Dental age assessment has broad clinical and scientific applications. In pediatric dentistry, it supports preventive strategies, monitoring of eruption patterns, and interceptive treatment planning [13,14,15]. In orthodontics, DA contributes to identifying critical developmental phases relevant to orthopedic and orthodontic interventions, thereby optimizing treatment timing in relation to craniofacial growth [2,16,17]. In pediatrics and endocrinology, dental maturation serves as a complementary indicator for evaluating growth disorders and monitoring systemic conditions [18,19,20]. Additionally, DA estimation plays a pivotal role in forensic science for determining the age of unidentified minors and human remains [21,22], as well as in anthropology and archaeology for reconstructing growth patterns in past populations [23,24,25,26].

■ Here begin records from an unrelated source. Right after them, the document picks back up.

(* Let $p\geq 2$ be an integer and let $A=(a_0,a_1,\dots,a_{p-1})$ be complex numbers with $a_0+a_1+\dots+a_{p-1}=0$. For a positive integer $N$ define \[ F_N(x;A)=\sum_{n=0}^{p^{N}-1} a_{v_p(n)}x^n , \] where $v_p(n)=\left(\sum_{j=0}^d n_j\right)\bmod p\in\{0,\dots,p-1\}$ for the base-$p$ expansion $n=n_dp^d+\dots+n_1p+n_0$. Let $I_N$ be the set of integers $j$ with $0\le j<p^N$ all of whose $N$ base-$p$ digits lie in $\{0,1,\dots,p-2\}$ (so $I_1=\{0,1,\dots,p-2\}$, and $I_N=\{j+kp^{N-1}: j\in I_{N-1},\,0\le k\le p-2\}$). Then for every positive integer $N$ there exist complex constants $c_j$ ($j\in I_N$) such that, with $P_N(x;C_N)=\sum_{j\in I_N} c_j x^j$, \[ F_N(x;A)=P_N(x;C_N)\prod_{m=0}^{N-1}\left(1-x^{p^m}\right). \]
   Context: The paper defines $C_1=(c_0,\dots,c_{p-2})$, $C_N=C_{N-1}(0)\#\cdots\# C_{N-1}(p-2)$ (concatenation) with $C_{N-1}(k)=(c_{j+kp^{N-1}}: c_j\in C_{N-1})$, and $P_1(x;C_1)=c_0+c_1x+\dots+c_{p-2}x^{p-2}$, $P_N(x;C_N)=\sum_{k=0}^{p-2}x^{kp^{N-1}}P_{N-1}(x;C_{N-1}(k))$; unwinding this recursion gives exactly $P_N(x;C_N)=\sum_{j\in I_N}c_jx^j$ with $I_N$ as in the claim. In particular, when $p=2$, $I_N=\{0\}$ and $P_N$ is a constant. *)

theory Defs
  imports "HOL-Computational_Algebra.Polynomial" Complex_Main
begin

fun digit_sum :: "nat \<Rightarrow> nat \<Rightarrow> nat" where
  "digit_sum p n = (if p < 2 \<or> n = 0 then 0 else n mod p + digit_sum p (n div p))"

definition vp :: "nat \<Rightarrow> nat \<Rightarrow> nat" where
  "vp p n = digit_sum p n mod p"

definition F_poly :: "nat \<Rightarrow> (nat \<Rightarrow> complex) \<Rightarrow> nat \<Rightarrow> complex poly" where
  "F_poly p a N = (\<Sum>n<p ^ N. monom (a (vp p n)) n)"

definition I_set :: "nat \<Rightarrow> nat \<Rightarrow> nat set" where
  "I_set p N = {j. j < p ^ N \<and> (\<forall>i<N. j div p ^ i mod p \<le> p - 2)}"

end

theory Submission
  imports Defs "HOL-Number_Theory.Cong"
begin

text \<open>
  Writing \<open>n < p^(N+1)\<close> as \<open>j + k p^N\<close> with \<open>j < p^N\<close> and \<open>k < p\<close>, the top digit \<open>k\<close> only
  shifts \<open>v_p\<close>, so \<open>F_(N+1)(x;A) = \<Sum>_k x^(k p^N) F_N(x;A_k)\<close> where \<open>A_k\<close> is \<open>A\<close> rotated by \<open>k\<close>.
  By induction \<open>F_N(x;A_k) = Q_k \<Prod>_(m<N) (1 - x^(p^m))\<close> with \<open>Q_k\<close> supported on \<open>I_N\<close>. The
  rotations of \<open>A\<close> sum to zero, hence \<open>\<Sum>_k Q_k = 0\<close>, and then with \<open>y = x^(p^N)\<close>
  \<open>\<Sum>_k y^k Q_k = -(1 - y) \<Sum>_k (1 + y + \<dots> + y^(k-1)) Q_k\<close>. Only powers \<open>y^i\<close> with
  \<open>i \<le> p - 2\<close> occur on the right, so the new cofactor is supported on \<open>I_(N+1)\<close>.
\<close>

declare digit_sum.simps [simp del]

lemma digit_sum_0 [simp]: "digit_sum p 0 = 0"
  by (simp add: digit_sum.simps)

lemma digit_sum_eq: "p \<ge> 2 \<Longrightarrow> digit_sum p n = n mod p + digit_sum p (n div p)"
  by (cases "n = 0") (simp_all add: digit_sum.simps)

lemma digit_sum_add_mult_power:
  assumes p: "p \<ge> 2"
  shows "j < p ^ N \<Longrightarrow> k < p \<Longrightarrow> digit_sum p (j + k * p ^ N) = digit_sum p j + k"
proof (induction N arbitrary: j)
  case 0
  then show ?case by (simp add: digit_sum_eq[OF p, of k])
next
  case (Suc N)
  have top_digit: "j + k * p ^ Suc N = j + (k * p ^ N) * p" by (simp add: ac_simps)
  have div: "(j + k * p ^ Suc N) div p = j div p + k * p ^ N"
    and mod: "(j + k * p ^ Suc N) mod p = j mod p"
    using p unfolding top_digit by simp_all
  have "j div p < p ^ N"
    using Suc.prems p by (simp add: less_mult_imp_div_less mult.commute)
  have "digit_sum p (j + k * p ^ Suc N) = j mod p + digit_sum p (j div p + k * p ^ N)"
    by (simp only: digit_sum_eq[OF p, of "j + k * p ^ Suc N"] div mod)
  also have "\<dots> = j mod p + digit_sum p (j div p) + k"
    using Suc.IH[OF \<open>j div p < p ^ N\<close> Suc.prems(2)] by simp
  also have "\<dots> = digit_sum p j + k"
    by (simp add: digit_sum_eq[OF p, of j])
  finally show ?case .
qed

lemma vp_add_mult_power:
  "p \<ge> 2 \<Longrightarrow> j < p ^ N \<Longrightarrow> k < p \<Longrightarrow> vp p (j + k * p ^ N) = (vp p j + k) mod p"
  by (simp add: vp_def digit_sum_add_mult_power mod_add_left_eq)

lemma inj_on_add_mod: "inj_on (\<lambda>i. (i + k) mod n) {..<(n::nat)}"
  by (auto simp: inj_on_def) (metis cong_add_rcancel_nat cong_def mod_less)

lemma sum_lessThan_rotate:
  "(\<Sum>i<n. f ((i + k) mod n)) = (\<Sum>i<(n::nat). f i :: 'a::comm_monoid_add)"
proof -
  have "(\<lambda>i. (i + k) mod n) ` {..<n} = {..<n}"
    by (rule endo_inj_surj) (auto simp: inj_on_add_mod)
  then show ?thesis
    using sum.reindex[OF inj_on_add_mod, of f k n] by simp
qed

lemma sum_powers_mult_eq:
  fixes y :: "'a::comm_ring_1"
  assumes "(\<Sum>k<n. Q k) = 0"
  shows "(\<Sum>k<n. y ^ k * Q k) = (1 - y) * - (\<Sum>k<n. Q k * (\<Sum>i<k. y ^ i))"
proof -
  have "(1 - y) * - (Q k * (\<Sum>i<k. y ^ i)) = - (Q k * ((1 - y) * (\<Sum>i<k. y ^ i)))" for k
    by (simp add: ac_simps)
  also have "\<dots> k = y ^ k * Q k - Q k" for k
    by (simp only: one_diff_power_eq[symmetric]) (simp add: algebra_simps)
  finally have "(1 - y) * - (\<Sum>k<n. Q k * (\<Sum>i<k. y ^ i)) =
      (\<Sum>k<n. y ^ k * Q k) - (\<Sum>k<n. Q k)"
    by (simp add: sum_distrib_left sum_subtractf flip: sum_negf)
  then show ?thesis using assms by simp
qed

lemma sum_lessThan_mult_blocks:
  "(\<Sum>n<q * M. f n) = (\<Sum>k<q. \<Sum>j<M. f (j + k * (M::nat)) :: 'a::comm_monoid_add)"
proof -
  have "sum f {k * M..<k * M + M} = (\<Sum>j<M. f (j + k * M))" for k
    using sum.shift_bounds_nat_ivl[of f 0 "k * M" M] by (simp add: atLeast0LessThan add.commute)
  then show ?thesis
    using sum.nat_group[of f M q] by simp
qed

lemma prod_one_minus_monom_nonzero:
  assumes "p > 0"
  shows "(\<Prod>m<N. 1 - monom (1 :: 'a :: idom) (p ^ m)) \<noteq> 0"
proof -
  have "coeff (1 - monom (1 :: 'a) (p ^ m)) 0 = 1" for m
    using assms by (simp add: coeff_monom)
  then have "1 - monom (1 :: 'a) (p ^ m) \<noteq> 0" for m
    by (metis coeff_0 zero_neq_one)
  then show ?thesis by (simp add: prod_zero_iff)
qed

lemma F_poly_Suc:
  assumes "p \<ge> 2"
  shows "F_poly p a (Suc N) =
    (\<Sum>k<p. monom 1 (k * p ^ N) * F_poly p (\<lambda>i. a ((i + k) mod p)) N)"
proof -
  have "F_poly p a (Suc N) = (\<Sum>k<p. \<Sum>j<p ^ N. monom (a (vp p (j + k * p ^ N))) (j + k * p ^ N))"
    unfolding F_poly_def by (simp add: sum_lessThan_mult_blocks)
  also have "\<dots> = (\<Sum>k<p. \<Sum>j<p ^ N. monom 1 (k * p ^ N) * monom (a ((vp p j + k) mod p)) j)"
    using assms by (intro sum.cong refl) (simp add: vp_add_mult_power mult_monom add.commute)
  finally show ?thesis
    unfolding F_poly_def by (simp add: sum_distrib_left)
qed

lemma sum_F_poly_rotations:
  assumes "(\<Sum>i<p. a i) = 0"
  shows "(\<Sum>k<p. F_poly p (\<lambda>i. a ((i + k) mod p)) N) = 0"
proof -
  have "(\<Sum>k<p. a ((vp p n + k) mod p)) = 0" for n
    using sum_lessThan_rotate[of a "vp p n" p] assms by (simp add: add.commute)
  then show ?thesis
    unfolding F_poly_def by (subst sum.swap) (simp add: monom_sum[symmetric])
qed

lemma I_set_add_mult_power:
  assumes p: "p \<ge> 2" and j: "j \<in> I_set p N" and i: "i \<le> p - 2"
  shows "j + i * p ^ N \<in> I_set p (Suc N)"
proof -
  have jl: "j < p ^ N" using j by (simp add: I_set_def)
  have "(i + 1) * p ^ N \<le> p * p ^ N"
    using p i by (intro mult_le_mono1) simp
  then have bound: "j + i * p ^ N < p ^ Suc N"
    using jl by simp
  have "(j + i * p ^ N) div p ^ l mod p \<le> p - 2" if "l < Suc N" for l
  proof (cases "l = N")
    case True
    then show ?thesis using jl i p by simp
  next
    case False
    then have "p ^ N = p ^ l * (p * p ^ (N - l - 1))"
      using that by (simp flip: power_add power_Suc)
    then have shift: "j + i * p ^ N = j + (i * p ^ (N - l - 1) * p) * p ^ l"
      by (simp add: ac_simps)
    have "(j + i * p ^ N) div p ^ l = (i * p ^ (N - l - 1)) * p + j div p ^ l"
      unfolding shift using p by simp
    then show ?thesis
      using j that False by (simp add: I_set_def)
  qed
  with bound show ?thesis
    by (simp add: I_set_def)
qed

lemma coeff_sum_shifts_nonzero:
  assumes "coeff (\<Sum>k<n. \<Sum>i<k. monom 1 (i * M) * Q k) t \<noteq> 0"
  obtains k i where "i < k" "k < n" "i * M \<le> t" "coeff (Q k) (t - i * M) \<noteq> (0 :: 'a :: comm_semiring_1)"
proof -
  obtain k where "k < n" and "coeff (\<Sum>i<k. monom 1 (i * M) * Q k) t \<noteq> 0"
    using assms by (auto simp: coeff_sum elim: sum.not_neutral_contains_not_neutral)
  moreover from this obtain i where "i < k" and "coeff (monom 1 (i * M) * Q k) t \<noteq> 0"
    by (auto simp: coeff_sum elim: sum.not_neutral_contains_not_neutral)
  ultimately show ?thesis
    using that by (auto simp: coeff_monom_mult split: if_splits)
qed

lemma poly_eq_sum_monom_support:
  assumes "finite S" and "\<And>t. coeff q t \<noteq> 0 \<Longrightarrow> t \<in> S"
  shows "q = (\<Sum>j\<in>S. monom (coeff q j) j)"
proof (rule poly_eqI)
  fix t
  have "coeff (\<Sum>j\<in>S. monom (coeff q j) j) t = (if t \<in> S then coeff q t else 0)"
    using assms(1) by (simp add: coeff_sum coeff_monom sum.delta')
  then show "coeff q t = coeff (\<Sum>j\<in>S. monom (coeff q j) j) t"
    using assms(2) by auto
qed

lemma F_poly_factorization:
  assumes p: "p \<ge> 2" and "(\<Sum>i<p. a i) = 0"
  shows "\<exists>Q. F_poly p a N = Q * (\<Prod>m<N. 1 - monom 1 (p ^ m)) \<and>
           (\<forall>t. coeff Q t \<noteq> 0 \<longrightarrow> t \<in> I_set p N)"
  using assms(2)
proof (induction N arbitrary: a)
  case 0
  show ?case
    by (rule exI[of _ "monom (a 0) 0"]) (auto simp: F_poly_def vp_def I_set_def coeff_monom)
next
  case (Suc N)
  define \<Pi> :: "complex poly" where "\<Pi> = (\<Prod>m<N. 1 - monom 1 (p ^ m))"
  define y :: "complex poly" where "y = monom 1 (p ^ N)"
  have "\<forall>k. \<exists>Q. F_poly p (\<lambda>i. a ((i + k) mod p)) N = Q * \<Pi> \<and>
          (\<forall>t. coeff Q t \<noteq> 0 \<longrightarrow> t \<in> I_set p N)"
    using Suc.IH Suc.prems sum_lessThan_rotate[of a _ p] unfolding \<Pi>_def by simp
  then obtain Q where QF: "\<And>k. F_poly p (\<lambda>i. a ((i + k) mod p)) N = Q k * \<Pi>"
    and Q_supp: "\<And>k t. coeff (Q k) t \<noteq> 0 \<Longrightarrow> t \<in> I_set p N"
    by metis
  have "(\<Sum>k<p. Q k) * \<Pi> = 0"
    using sum_F_poly_rotations[OF Suc.prems, of N] by (simp add: QF sum_distrib_right)
  moreover have "\<Pi> \<noteq> 0"
    unfolding \<Pi>_def using p by (intro prod_one_minus_monom_nonzero) simp
  ultimately have sum_Q: "(\<Sum>k<p. Q k) = 0"
    by simp
  define R where "R = - (\<Sum>k<p. \<Sum>i<k. monom 1 (i * p ^ N) * Q k)"
  have "F_poly p a (Suc N) = (\<Sum>k<p. y ^ k * Q k) * \<Pi>"
    unfolding F_poly_Suc[OF p] QF y_def
    by (simp add: monom_power sum_distrib_left sum_distrib_right ac_simps)
  also have "\<dots> = R * ((1 - y) * \<Pi>)"
    unfolding sum_powers_mult_eq[OF sum_Q] R_def y_def
    by (simp add: monom_power sum_distrib_left ac_simps)
  finally have "F_poly p a (Suc N) = R * (\<Prod>m<Suc N. 1 - monom 1 (p ^ m))"
    by (simp add: \<Pi>_def y_def)
  moreover have "t \<in> I_set p (Suc N)" if "coeff R t \<noteq> 0" for t
  proof -
    from that obtain k i where "i < k" "k < p" "i * p ^ N \<le> t"
      and "coeff (Q k) (t - i * p ^ N) \<noteq> 0"
      unfolding R_def coeff_minus by (auto elim: coeff_sum_shifts_nonzero)
    then show ?thesis
      using I_set_add_mult_power[OF p Q_supp, of k "t - i * p ^ N" i] by simp
  qed
  ultimately show ?case by blast
qed

theorem theorem2p2:
  fixes p N :: nat and a :: "nat \<Rightarrow> complex"
  assumes "p \<ge> 2"
    and "(\<Sum>i<p. a i) = 0"
    and "N \<ge> 1"
  shows "\<exists>c :: nat \<Rightarrow> complex.
           F_poly p a N =
             (\<Sum>j\<in>I_set p N. monom (c j) j) * (\<Prod>m<N. 1 - monom 1 (p ^ m))"
proof -
  \<comment> \<open>The factorization holds for \<open>N = 0\<close> as well.\<close>
  obtain Q where "F_poly p a N = Q * (\<Prod>m<N. 1 - monom 1 (p ^ m))"
    and "\<And>t. coeff Q t \<noteq> 0 \<Longrightarrow> t \<in> I_set p N"
    using F_poly_factorization[OF assms(1,2)] by blast
  moreover have "finite (I_set p N)"
    by (simp add: I_set_def)
  ultimately show ?thesis
    using poly_eq_sum_monom_support by metis
qed

end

Numerous methods have been proposed for estimating dental age. Early approaches based on clinical tooth eruption proved unreliable due to their susceptibility to local and environmental factors, such as premature tooth loss, impaction, ankylosis, and crowding [27,28]. Consequently, radiographic assessment of tooth calcification has become the preferred approach [29,30]. Among the various radiographic methods described in the literature—including those developed by Nolla [1], Cameriere et al. [31,32,33], and Willems [32]—the method introduced by Demirjian, Goldstein, and Tanner in 1973 remains the most widely used and extensively validated worldwide in both clinical and research contexts [1,10,33,34,35].

The Demirjian method is based on the systematic evaluation of tooth calcification stages, which reflect a genetically regulated and biologically stable process less susceptible to environmental and systemic influences than tooth eruption or skeletal growth. It assesses the developmental stages (A–H) of seven permanent mandibular teeth, excluding the third molar, using panoramic radiographs. Sex-specific maturity scores are assigned to each tooth and subsequently converted into an estimated dental age [1,10,33,35]. The method’s enduring relevance in both clinical and research settings can be attributed to its methodological simplicity, clearly defined staging criteria, and high intra- and inter-observer reliability [33,34,35,36]. Consistent with established patterns of biological maturation, dental development assessed using this approach exhibits sexual dimorphism, with females generally demonstrating earlier advancement in calcification stages than males, particularly from stage Donward [37,38,39].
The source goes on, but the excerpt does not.